Em junho de 1980, há 45 anos, Manaus se preparava para um dos momentos mais emblemáticos de sua história: a visita do Papa João Paulo II. O clima na cidade era de expectativa e reverência. A procissão de São Pedro, anualmente celebrada no dia 29 de junho, foi adiada para julho. O governador do Amazonas, José Lindoso, católico fervoroso, e o prefeito de Manaus, José Fernandes, evangélico, uniram-se em um gesto de respeito e acolhimento. Ambos prepararam a cidade, com a significativa colaboração do Vice-governador, Dr. Paulo Nery, para a chegada do Papa á Manaus.
Na procissão, a baía do Rio Negro se transformou em um mar de barcos, todos com um único destino: o Encontro das Águas, onde as correntes de dois rios se entrelaçam em um abraço simbólico. O Papa, em uma das três fragatas da Marinha, navegava lentamente pelo Rio Negro, cercado por autoridades e fiéis. As pessoas acenavam dos barcos com fervor e alegria. No barco em que me encontrava, com familiares, incluindo minha querida irmã Liliana, então noviça salesiana. Naquele dia pude testemunhar a sua fé junto com outras companheiras dedicadas á missão preconizada por Dom Bosco. A cena era de uma beleza indescritível: a silhueta do Papa contra o céu amazônico, as águas refletindo a luz do sol, e as vozes em uníssono entoando cânticos de louvor.
É preciso que se destaque um gesto de respeito e ética. O prefeito José Fernandes, ao receber um terço de presente do Papa, decidiu que aquele símbolo de fé deveria ser oferecido a quem realmente mereceria. Com um coração generoso, ele entregou o terço a uma senhora católica, pobre e anônima, que representava a simplicidade e a devoção do povo. Esse ato, reforça a ideia de que a fé não se mede por títulos ou posições, mas pela capacidade de respeitar e entender a fé do outro.
A missa campal na Bola da Suframa, testemunhava um amazónico céu azul. O povo, num respeitoso e contrito silêncio se unia em oração. As palavras do Papa reverberavam nas almas, e a conexão entre os presentes se tornava palpável. A fé, como as águas do Rio Negro, fluía livre e poderosa, unindo todos em um só espírito. Aquela manhã mágica não era apenas uma celebração religiosa; era um testemunho da força da comunidade, da esperança e da beleza que reside na diversidade na alegria do povo amazonense.

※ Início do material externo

(* Let $\mathcal{G}$ be a Grothendieck category, $X\in\mathcal{G}$, $\sigma$ an ordinal, $(X_\alpha\mid\alpha\le\sigma)$ a chain of subobjects of $X$ with $X_0=0$, $X_\sigma=X$, $X_\mu=\bigcup_{\alpha<\mu}X_\alpha$ for limit $\mu\le\sigma$, and let $(A_\alpha\mid\alpha<\sigma)$ be subobjects of $X$ with $X_{\alpha+1}=X_\alpha+A_\alpha$ for all $\alpha<\sigma$. Let $\mathcal{L}$ be the set of closed subsets of $\sigma$. If $(S_i\mid i\in I)$ is any family of elements of $\mathcal{L}$, then $\bigcup_{i\in I}S_i\in\mathcal{L}$ and $\bigcap_{i\in I}S_i\in\mathcal{L}$. Moreover, the restriction $\ell:\mathcal{L}\to\mathrm{Subobj}(X)$ is a complete lattice homomorphism, i.e. $\ell(\bigcup_i S_i)=\sum_i\ell(S_i)$ and $\ell(\bigcap_iS_i)=\bigcap_i\ell(S_i)$.
   Context: For $S\subseteq\sigma$ (with $\sigma$ identified with the set of ordinals $<\sigma$), $\ell(S)=\sum_{\alpha\in S}A_\alpha\in\mathrm{Subobj}(X)$. A subset $S\subseteq\sigma$ is called closed if every $\alpha\in S$ satisfies $X_\alpha\cap A_\alpha\subseteq\sum_{\gamma\in S,\,\gamma<\alpha}A_\gamma$. Sums, intersections and direct unions are taken in the lattice $\mathrm{Subobj}(X)$ of subobjects of $X$. *)

theory Defs
  imports Main
begin
definition coeff_l1 :: "'i set \<Rightarrow> ('i \<Rightarrow> real) \<Rightarrow> ('e::finite \<Rightarrow> real) \<Rightarrow> real"
  where "coeff_l1 B a b = (\<Sum>i\<in>B. \<bar>a i\<bar>) + (\<Sum>j\<in>UNIV. \<bar>b j\<bar>)"

definition active_abs_sum :: "'i set \<Rightarrow> real^'n^'i \<Rightarrow> real^'n^'e \<Rightarrow> real^'n \<Rightarrow> real"
  where "active_abs_sum B H G u = (\<Sum>i\<in>B. \<bar>H$i \<bullet> u\<bar>) + (\<Sum>j\<in>UNIV. \<bar>G$j \<bullet> u\<bar>)"

definition active_sq_sum :: "'i set \<Rightarrow> real^'n^'i \<Rightarrow> real^'n^'e \<Rightarrow> real^'n \<Rightarrow> real"
  where "active_sq_sum B H G u = (\<Sum>i\<in>B. (H$i \<bullet> u)\<^sup>2) + (\<Sum>j\<in>UNIV. (G$j \<bullet> u)\<^sup>2)"

definition active_rows_norm :: "'i set \<Rightarrow> real^'n^'i \<Rightarrow> real^'n^'e \<Rightarrow> real"
  where "active_rows_norm B H G = (\<Sum>i\<in>B. norm (H$i)) + (\<Sum>j\<in>UNIV. norm (G$j))"

lemma coeff_l1_nonneg: "0 \<le> coeff_l1 B a b"
  unfolding coeff_l1_def by (intro add_nonneg_nonneg sum_nonneg) auto

lemma active_abs_sum_nonneg: "0 \<le> active_abs_sum B H G u"
  unfolding active_abs_sum_def by (intro add_nonneg_nonneg sum_nonneg) auto

lemma active_sq_sum_nonneg: "0 \<le> active_sq_sum B H G u"
  unfolding active_sq_sum_def by (intro add_nonneg_nonneg sum_nonneg) auto

lemma active_rows_norm_nonneg: "0 \<le> active_rows_norm B H G"
  unfolding active_rows_norm_def by (intro add_nonneg_nonneg sum_nonneg) auto

lemma sum_mult_le_sum_abs_mult_sum_abs:
  fixes a t :: "'a \<Rightarrow> real"
  assumes "finite I"
  shows "\<bar>\<Sum>i\<in>I. a i * t i\<bar> \<le> (\<Sum>i\<in>I. \<bar>a i\<bar>) * (\<Sum>i\<in>I. \<bar>t i\<bar>)"
proof -
  have "\<bar>\<Sum>i\<in>I. a i * t i\<bar> \<le> (\<Sum>i\<in>I. \<bar>a i\<bar> * \<bar>t i\<bar>)"
    by (rule order_trans[OF sum_abs]) (simp add: abs_mult)
  also have "\<dots> \<le> (\<Sum>i\<in>I. \<bar>a i\<bar> * (\<Sum>i\<in>I. \<bar>t i\<bar>))"
    by (intro sum_mono mult_left_mono member_le_sum assms) auto
  finally show ?thesis
    by (simp add: sum_distrib_right)
qed

lemma active_comb_inner_le:
  fixes B :: "'i::finite set"
  shows "\<bar>active_comb B H G a b \<bullet> u\<bar> \<le> coeff_l1 B a b * active_abs_sum B H G u"
proof -
  have "\<bar>active_comb B H G a b \<bullet> u\<bar>
      \<le> \<bar>\<Sum>i\<in>B. a i * (H$i \<bullet> u)\<bar> + \<bar>\<Sum>j\<in>UNIV. b j * (G$j \<bullet> u)\<bar>"
    unfolding active_comb_def by (simp add: inner_add_left inner_sum_left abs_triangle_ineq)
  also have "\<dots> \<le> (\<Sum>i\<in>B. \<bar>a i\<bar>) * (\<Sum>i\<in>B. \<bar>H$i \<bullet> u\<bar>)
      + (\<Sum>j\<in>UNIV. \<bar>b j\<bar>) * (\<Sum>j\<in>UNIV. \<bar>G$j \<bullet> u\<bar>)"
    by (intro add_mono sum_mult_le_sum_abs_mult_sum_abs) simp_all
  also have "\<dots> \<le> coeff_l1 B a b * active_abs_sum B H G u"
    unfolding coeff_l1_def active_abs_sum_def
    by (simp add: algebra_simps add_mono mult_left_mono sum_nonneg)
  finally show ?thesis .
qed

lemma norm_active_comb_le:
  fixes B :: "'i::finite set"
  shows "norm (active_comb B H G a b) \<le> coeff_l1 B a b * active_rows_norm B H G"
proof -
  have "norm (active_comb B H G a b)
      \<le> (\<Sum>i\<in>B. \<bar>a i\<bar> * norm (H$i)) + (\<Sum>j\<in>UNIV. \<bar>b j\<bar> * norm (G$j))"
    unfolding active_comb_def
    by (rule order_trans[OF norm_triangle_ineq], intro add_mono; rule order_trans[OF norm_sum]; simp)
  also have "\<dots> \<le> (\<Sum>i\<in>B. \<bar>a i\<bar>) * (\<Sum>i\<in>B. norm (H$i))
      + (\<Sum>j\<in>UNIV. \<bar>b j\<bar>) * (\<Sum>j\<in>UNIV. norm (G$j))"
    by (intro add_mono; simp add: sum_distrib_right; intro sum_mono mult_left_mono member_le_sum) auto
  also have "\<dots> \<le> coeff_l1 B a b * active_rows_norm B H G"
    unfolding coeff_l1_def active_rows_norm_def
    by (simp add: algebra_simps add_mono mult_left_mono sum_nonneg)
  finally show ?thesis .
qed

lemma active_comb_diff:
  "active_comb B H' G' a b = active_comb B H G a b + active_comb B (H' - H) (G' - G) a b"
  unfolding active_comb_def by (simp add: algebra_simps sum.distrib[symmetric])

Assim, o Encontro das Águas não era apenas um fenômeno natural, mas um símbolo da união de diferentes crenças e culturas, refletindo a riqueza da Amazônia e a profundidade da fé que habita em cada coração. E enquanto a fragata do Papa se afastava, a cidade de Manaus sabia que aquele dia ficaria gravado para sempre na memória coletiva, como um momento em que a fé e a beleza se entrelaçaram nas águas do Rio Negro.
As novas gerações precisam saber da fé que fluiu naquele dia. Da bênção papal dada no meio do nosso Encontro das Águas reverbera até hoje nessa cidade que um dia se chamou Lugar da Barra de São José do Rio Negro.